## About this exercise
The reply should be one number: how many lines of the data below contain "else".

## Supplied material
lemma pair_payoff_le_opponent_action:
  fixes b2 :: "'m::finite \<Rightarrow> 'm \<Rightarrow> 'm pmf"
  assumes "0 \<le> u" "u \<le> 1" "fst c = return_pmf n"
    and "\<And>m2 n2. snd (snd c) n m n2 m2 = return_pmf t"
  shows "pair_payoff u (return_pmf m, b2, b3) c \<le> (if t then 1 - u else u)"
  unfolding pair_payoff_pure_first_messages[OF assms(3)] assms(4) expectation_return_pmf
  by (intro expectation_le_const_finite coord_payoff_le[OF assms(1,2)])

lemma pair_payoff_le_coin:
  fixes b2 :: "'m::finite \<Rightarrow> 'm \<Rightarrow> 'm pmf"
  assumes "0 \<le> u" "u \<le> 1" "b0 \<noteq> b1" "fst c = return_pmf n"
    and "fst (snd c) n m = pmf_of_set {b0, b1}"
    and "\<And>m2 n2. snd (snd c) n m n2 m2 = return_pmf ((n2 = b1) \<noteq> (m2 = b1))"
  shows "pair_payoff u (return_pmf m, b2, b3) c \<le> 1/2"
proof -
  have bound: "measure_pmf.expectation q (\<lambda>a. coord_payoff u a t) \<le> (if t then 1 - u else u)"
    for q :: "bool pmf" and t
    by (intro expectation_le_const_finite coord_payoff_le[OF assms(1,2)])
  have "measure_pmf.expectation (pmf_of_set {b0, b1}) (\<lambda>n2.
          measure_pmf.expectation (b3 m n m2 n2) (\<lambda>a. coord_payoff u a ((n2 = b1) \<noteq> (m2 = b1))))
        \<le> 1/2" for m2
    using bound[of "b3 m n m2 b0" "m2 = b1"] bound[of "b3 m n m2 b1" "m2 \<noteq> b1"] assms(3)
    by (cases "m2 = b1") (simp_all add: integral_pmf_of_set)
  then show ?thesis
    unfolding pair_payoff_pure_first_messages[OF assms(4)] assms(5,6) expectation_return_pmf
    by (rule expectation_le_const_finite)
qed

## Answer for the task
2